Briefing
The new Eleven Drainer Phishing-as-a-Service (PhaaS) operation has been identified by security researchers, signaling a critical evolution in user-targeted asset theft. This sophisticated criminal enterprise provides end-to-end infrastructure ∞ including cloned websites and malicious smart contract scripts ∞ to rapidly execute large-scale social engineering attacks against individual Web3 wallet holders. The primary consequence is the unauthorized sweeping of tokens, NFTs, and stablecoins by leveraging fraudulent transaction signatures, circumventing traditional smart contract security measures. The professionalized drainer ecosystem was responsible for an estimated $494 million in losses in 2024 , underscoring the massive scale of this ongoing threat class.

Context
The current threat landscape is defined by the proliferation of PhaaS kits, which have lowered the technical barrier for large-scale on-chain fraud. Prior to this group’s emergence, established actors like Angel and Inferno Drainer had already demonstrated the effectiveness of weaponizing token approval mechanisms. This class of attack exploits the human factor and the user’s implicit trust in familiar Web3 interfaces, rather than exploiting a protocol’s core smart contract logic.

Analysis
The Eleven Drainer attack vector begins with a social engineering lure, typically a fake airdrop or project site, directing the user to connect their wallet. The malicious front-end then prompts the user to sign a transaction, often disguised as a simple “connect” or “claim” action. In reality, this signature is a malicious setApprovalForAll or permit call granting the attacker’s contract unlimited spending allowance over the user’s assets.
Once the signature is obtained, the attacker’s back-end script automatically calls the approved function to sweep all available tokens and NFTs from the victim’s wallet in a single, irreversible transaction. This method bypasses the need to compromise a protocol’s smart contract, instead exploiting the trust layer between the user and their wallet interface.

Parameters
- Attack Vector Class ∞ Phishing-as-a-Service (PhaaS). Explanation ∞ Criminal enterprise providing tools for mass-scale social engineering and wallet draining.
- Primary Vulnerability ∞ User Error and Malicious Signature. Explanation ∞ Exploits human inattention to grant unlimited token spending permissions.
- Estimated 2024 Loss ∞ $494 Million. Explanation ∞ Total funds stolen by the broader wallet drainer ecosystem, showing the scale of the threat.
- Victim Target ∞ Individual Web3 Wallet Holders.
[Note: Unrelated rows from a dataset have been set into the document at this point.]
(* Let $G$ be a finite simple graph on vertex set $\{1,\dots,n\}$ and let $\mathcal{S}=(S_1,\dots,S_n)$ and $\mathcal{S}'=(S'_1,\dots,S'_n)$ be any two realizations of $G$ by Pauli strings (possibly of different lengths). Then $$\mathrm{Conv}\big(\downarrow \mathcal{Q}(\mathcal{S})\big)\cap\mathbb{R}^n_{\ge0}=\mathrm{Conv}\big(\downarrow \mathcal{Q}(\mathcal{S}')\big)\cap\mathbb{R}^n_{\ge0}.$$ Denoting this common set by $\operatorname{BETA}(G)$, one has, for every $w\in\mathbb{R}^n_{\ge0}$, $$\beta(G,w)=\max_{v\in\operatorname{BETA}(G)}\sum_{i=1}^n w_iv_i .$$
   Context: A Pauli string of length $\ell$ is a tensor product $P_1\otimes\cdots\otimes P_\ell$ with each $P_k\in\{I,X,Y,Z\}$ (the $2\times 2$ identity and Pauli matrices); any two Pauli strings either commute or anticommute. A realization of a graph $G$ on vertex set $\{1,\dots,n\}$ is a tuple $(S_1,\dots,S_n)$ of Pauli strings of a common length with $S_iS_j=-S_jS_i$ if $i,j$ are adjacent in $G$ and $S_iS_j=S_jS_i$ otherwise ($G$ is then called the frustration graph of the tuple). For a density matrix $\rho$ write $\langle A\rangle_\rho=\operatorname{tr}(\rho A)$. For a realization $\mathcal{S}$, $\mathcal{Q}(\mathcal{S})=\{(\langle S_1\rangle_\rho^2,\dots,\langle S_n\rangle_\rho^2):\rho \text{ a density matrix}\}\subseteq\mathbb{R}^n$. For $T\subseteq\mathbb{R}^n$, $\downarrow T=\{x\in\mathbb{R}^n:\exists y\in T,\ x_i\le y_i\ \forall i\}$, and $\mathrm{Conv}$ denotes convex hull. The weighted beta number is $\beta(G,w)=\sup_\rho\sum_i w_i\langle S_i\rangle_\rho^2$ (supremum over density matrices) for a realization $(S_i)$ of $G$; it is known that this value does not depend on the choice of realization, and every finite simple graph has a realization. *)

theory Defs
  imports "HOL-Analysis.Analysis" "Jordan_Normal_Form.Matrix"
begin

datatype pauli = PI | PX | PY | PZ

fun pauli_entry :: "pauli \<Rightarrow> nat \<Rightarrow> nat \<Rightarrow> complex" where
  "pauli_entry PI r c = (if r = c then 1 else 0)"
| "pauli_entry PX r c = (if r \<noteq> c then 1 else 0)"
| "pauli_entry PY r c = (if r = 0 \<and> c = 1 then - \<i> else if r = 1 \<and> c = 0 then \<i> else 0)"
| "pauli_entry PZ r c = (if r = c then (if r = 0 then 1 else -1) else 0)"

text \<open>The Kronecker product is written out entrywise:
  factor k (0-based) acts on bit (l-1-k) of the row/column index (so P_1 is the
  most significant tensor factor).\<close>
definition bitk :: "nat \<Rightarrow> nat \<Rightarrow> nat \<Rightarrow> nat" where
  "bitk l k r = (r div 2 ^ (l - 1 - k)) mod 2"

definition pauli_string_mat :: "pauli list \<Rightarrow> complex mat" where
  "pauli_string_mat ps =
     (let l = length ps in
      mat (2 ^ l) (2 ^ l)
        (\<lambda>(r, c). \<Prod>k<l. pauli_entry (ps ! k) (bitk l k r) (bitk l k c)))"

definition mat_trace :: "complex mat \<Rightarrow> complex" where
  "mat_trace A = (\<Sum>i<dim_row A. A $$ (i, i))"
Explanation ∞ Attack is directed at the user interface and wallet interaction, not a protocol’s core contract.

Outlook
Users must immediately adopt a posture of zero-trust for all transaction signatures and employ real-time transaction simulation tools to verify the true nature of a wallet request before signing. Protocols should integrate client-side security layers that explicitly decode and warn users about unlimited token approvals ( setApprovalForAll ). This incident will likely drive the adoption of EIP-712 structured data signing for clarity and accelerate the development of real-time transaction monitoring and intent-based security solutions to bridge the critical gap in user-side protection.

Verdict
The rise of professionalized wallet drainers shifts the primary security battleground from smart contract code to the user’s execution environment, demanding an immediate overhaul of individual operational security practices.